World Economy

Hanergy Trading Shares Suspended in HK

Hanergy Trading Shares Suspended in HKHanergy Trading Shares Suspended in HK

Hong Kong’s stock watchdog took the rare step of saying trading in Hanergy Thin Film Power Group Ltd. shares cannot resume without its approval, raising the prospect they will remain suspended for the foreseeable future.

The Securities & Futures Commission’s suspension falls under a rule allowing it to call for a halt when it believes that misleading, false or incomplete information has been included in documents and statements. Regulators were already investigating Hong Kong-listed Hanergy, which has not traded since it requested a halt on May 20 after its shares lost almost half their value in less than half an hour, Bloomberg reported.

“It’s pretty unusual; I have never come across a case like this before,” said Eric Seto, a partner at Morley, Chow, Seto Solicitors, who has worked on criminal SFC prosecution cases. “I think this is just the first step in what will become a criminal prosecution.”

FTSE said on its website Wednesday that it was dropping Hanergy from its FTSE China 50 Index and other indexes effective July 20 because of the suspension.

Liu Yanjun, a public relations manager at Hanergy Thin Film’s Beijing-based parent, Hanergy Holding Group Ltd., declined to comment on the order by the regulator.

 Stock Rout

Hanergy originally asked for a trading suspension after a 24-minute, 47% price plunge wiped $19 billion from its market value. A week later, SFC took the unusual step of announcing it had been investigating the company after Hanergy Chairman Li Hejun told the media there was no probe. SFC investigations are normally veiled in secrecy.

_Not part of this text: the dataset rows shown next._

(* Let $\Bbbk$ be a field of characteristic $0$ and let $J$ be a special Jordan dialgebra such that the algebra $\bar J$ has a unit. Then $\bar J$ is a special Jordan algebra.
   Context: An associative dialgebra is a vector space with bilinear $\vdash,\dashv$ satisfying $(x\dashv y)\vdash z=(x\vdash y)\vdash z$, $x\dashv(y\vdash z)=x\dashv(y\dashv z)$, $(x\vdash y)\vdash z=x\vdash(y\vdash z)$, $(x\dashv y)\dashv z=x\dashv(y\dashv z)$, $(x\vdash y)\dashv z=x\vdash(y\dashv z)$; $D^{(+)}$ is $D$ with $a\vdash_+b=\tfrac12(a\vdash b+b\dashv a)$, $a\dashv_+b=\tfrac12(a\dashv b+b\vdash a)$. A special Jordan dialgebra is a subdialgebra $J$ of some $D^{(+)}$. For such $J$ (operations $\vdash_+,\dashv_+$), $[J,J]=\mathrm{span}\{a\vdash_+b-a\dashv_+b: a,b\in J\}$ is an ideal and $\bar J=J/[J,J]$ is an ordinary (Jordan) algebra. A Jordan algebra is special if it embeds into $A^{(+)}$ (product $\tfrac12(ab+ba)$) for an associative algebra $A$. *)

theory Defs
  imports Complex_Main
begin

(* Vector spaces over the field 'k are given as a type 'd with additive group
   structure and a scalar multiplication "sc" satisfying the library locale
   vector_space. *)

definition bilinear_op :: "('k::field \<Rightarrow> 'd::ab_group_add \<Rightarrow> 'd) \<Rightarrow> ('d \<Rightarrow> 'd \<Rightarrow> 'd) \<Rightarrow> bool" where
  "bilinear_op sc f \<longleftrightarrow>
     (\<forall>x y z. f (x + y) z = f x z + f y z) \<and>
     (\<forall>x y z. f x (y + z) = f x y + f x z) \<and>
     (\<forall>c x y. f (sc c x) y = sc c (f x y)) \<and>
     (\<forall>c x y. f x (sc c y) = sc c (f x y))"

text \<open>Associative dialgebra (D, lv, rd): lv is the product \<open>\<turnstile>\<close>, rd is \<open>\<stileturn>\<close>.\<close>
definition assoc_dialgebra :: "('k::field \<Rightarrow> 'd::ab_group_add \<Rightarrow> 'd) \<Rightarrow> ('d \<Rightarrow> 'd \<Rightarrow> 'd) \<Rightarrow> ('d \<Rightarrow> 'd \<Rightarrow> 'd) \<Rightarrow> bool" where
  "assoc_dialgebra sc lv rd \<longleftrightarrow>
     vector_space sc \<and> bilinear_op sc lv \<and> bilinear_op sc rd \<and>
     (\<forall>x y z. lv (rd x y) z = lv (lv x y) z) \<and>
     (\<forall>x y z. rd x (lv y z) = rd x (rd y z)) \<and>
     (\<forall>x y z. lv (lv x y) z = lv x (lv y z)) \<and>
     (\<forall>x y z. rd (rd x y) z = rd x (rd y z)) \<and>
     (\<forall>x y z. rd (lv x y) z = lv x (rd y z))"

definition lv_plus :: "('k::field \<Rightarrow> 'd::ab_group_add \<Rightarrow> 'd) \<Rightarrow> ('d \<Rightarrow> 'd \<Rightarrow> 'd) \<Rightarrow> ('d \<Rightarrow> 'd \<Rightarrow> 'd) \<Rightarrow> 'd \<Rightarrow> 'd \<Rightarrow> 'd" where
  "lv_plus sc lv rd a b = sc (1/2) (lv a b + rd b a)"

definition rd_plus :: "('k::field \<Rightarrow> 'd::ab_group_add \<Rightarrow> 'd) \<Rightarrow> ('d \<Rightarrow> 'd \<Rightarrow> 'd) \<Rightarrow> ('d \<Rightarrow> 'd \<Rightarrow> 'd) \<Rightarrow> 'd \<Rightarrow> 'd \<Rightarrow> 'd" where
  "rd_plus sc lv rd a b = sc (1/2) (rd a b + lv b a)"

definition special_jordan_subdialgebra ::
  "('k::field \<Rightarrow> 'd::ab_group_add \<Rightarrow> 'd) \<Rightarrow> ('d \<Rightarrow> 'd \<Rightarrow> 'd) \<Rightarrow> ('d \<Rightarrow> 'd \<Rightarrow> 'd) \<Rightarrow> 'd set \<Rightarrow> bool" where
  "special_jordan_subdialgebra sc lv rd J \<longleftrightarrow>
     assoc_dialgebra sc lv rd \<and> module.subspace sc J \<and>
     (\<forall>a\<in>J. \<forall>b\<in>J. lv_plus sc lv rd a b \<in> J \<and> rd_plus sc lv rd a b \<in> J)"

definition comm_JJ :: "('k::field \<Rightarrow> 'd::ab_group_add \<Rightarrow> 'd) \<Rightarrow> ('d \<Rightarrow> 'd \<Rightarrow> 'd) \<Rightarrow> ('d \<Rightarrow> 'd \<Rightarrow> 'd) \<Rightarrow> 'd set \<Rightarrow> 'd set" where
  "comm_JJ sc lv rd J = module.span sc {lv_plus sc lv rd a b - rd_plus sc lv rd a b | a b. a \<in> J \<and> b \<in> J}"

definition coset_of :: "'d::ab_group_add set \<Rightarrow> 'd \<Rightarrow> 'd set" where
  "coset_of K a = {a + c | c. c \<in> K}"

definition rep :: "'d set \<Rightarrow> 'd" where
  "rep X = (SOME x. x \<in> X)"

definition Jbar :: "('k::field \<Rightarrow> 'd::ab_group_add \<Rightarrow> 'd) \<Rightarrow> ('d \<Rightarrow> 'd \<Rightarrow> 'd) \<Rightarrow> ('d \<Rightarrow> 'd \<Rightarrow> 'd) \<Rightarrow> 'd set \<Rightarrow> 'd set set" where
  "Jbar sc lv rd J = coset_of (comm_JJ sc lv rd J) ` J"
lemma colorings_fun_upd:
  assumes \<alpha>: "\<alpha> \<in> colorings V E k" and "v \<in> V" "c \<in> {1..k}"
    and free: "\<And>u. {u, v} \<in> E \<Longrightarrow> \<alpha> u \<noteq> c"
  shows "\<alpha>(v := c) \<in> colorings V E k"
proof -
  have "\<alpha>(v := c) \<in> V \<rightarrow>\<^sub>E {1..k}"
    using PiE_fun_upd[of c "\<lambda>_. {1..k}" v \<alpha> V] coloringsD(1)[OF \<alpha>] assms(2,3)
    by (simp add: insert_absorb)
  moreover have "(\<alpha>(v := c)) x \<noteq> (\<alpha>(v := c)) y" if xy: "{x, y} \<in> E" for x y
  proof -
    have "x \<noteq> y" using coloringsD(2)[OF \<alpha> xy] by auto
    moreover have "{y, x} \<in> E" using xy by (simp add: insert_commute)
    ultimately show ?thesis
      using free[of x] free[of y] coloringsD(2)[OF \<alpha> xy] xy by auto
  qed
  ultimately show ?thesis by (simp add: colorings_def)
qed

lemma color_adj_fun_upd:
  assumes "\<alpha> \<in> colorings V E k" "\<alpha>(v := c) \<in> colorings V E k" "v \<in> V" "\<alpha> v \<noteq> c"
  shows "(\<alpha>, \<alpha>(v := c)) \<in> color_adj V E k"
proof -
  have "{u \<in> V. \<alpha> u \<noteq> (\<alpha>(v := c)) u} = {v}" using assms(3,4) by auto
  with assms show ?thesis by (simp add: color_adj_def)
qed

definition label_adj :: "'v set \<Rightarrow> 'v set set \<Rightarrow> nat \<Rightarrow> 'v set \<Rightarrow> ('v \<Rightarrow> nat) rel" where
  "label_adj V E k T = {(\<alpha>, \<beta>) \<in> color_adj V E k. restrict \<alpha> T = restrict \<beta> T}"

definition label_component_of ::
    "'v set \<Rightarrow> 'v set set \<Rightarrow> nat \<Rightarrow> 'v set \<Rightarrow> ('v \<Rightarrow> nat) \<Rightarrow> ('v \<Rightarrow> nat) set" where
  "label_component_of V E k T \<alpha> = component_of (colorings V E k) (label_adj V E k T) \<alpha>"

definition contracted_component_of ::
    "'v set \<Rightarrow> 'v set set \<Rightarrow> nat \<Rightarrow> 'v set \<Rightarrow> ('v \<Rightarrow> nat) \<Rightarrow> ('v \<Rightarrow> nat) set set" where
  "contracted_component_of V E k T \<alpha> =
     component_of (label_components V E k T) (contracted_adj V E k T) (label_component_of V E k T \<alpha>)"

Seto said that if the company is found guilty of providing misleading information to SFC, it could be fined a maximum of HK$1 million ($130,000) and Li could face a possible two-year prison sentence. SFC Spokesman Ernest Kong declined to comment. In the handful of other cases where the SFC has ordered share suspensions, the consequences have been serious.

In March 2010, it ordered a halt of Hontex International Holdings Co., which was eventually delisted after the regulator accused it of misleading investors in its listing prospectus.

In December 2013, shares in Qunxing Paper Holdings Co. were halted by the SFC, which subsequently froze the company’s assets. The shares remain suspended.

For Hanergy, although Hong Kong stock exchange trading remains suspended, at least 4.9 billion shares have changed hands over the counter since May 20.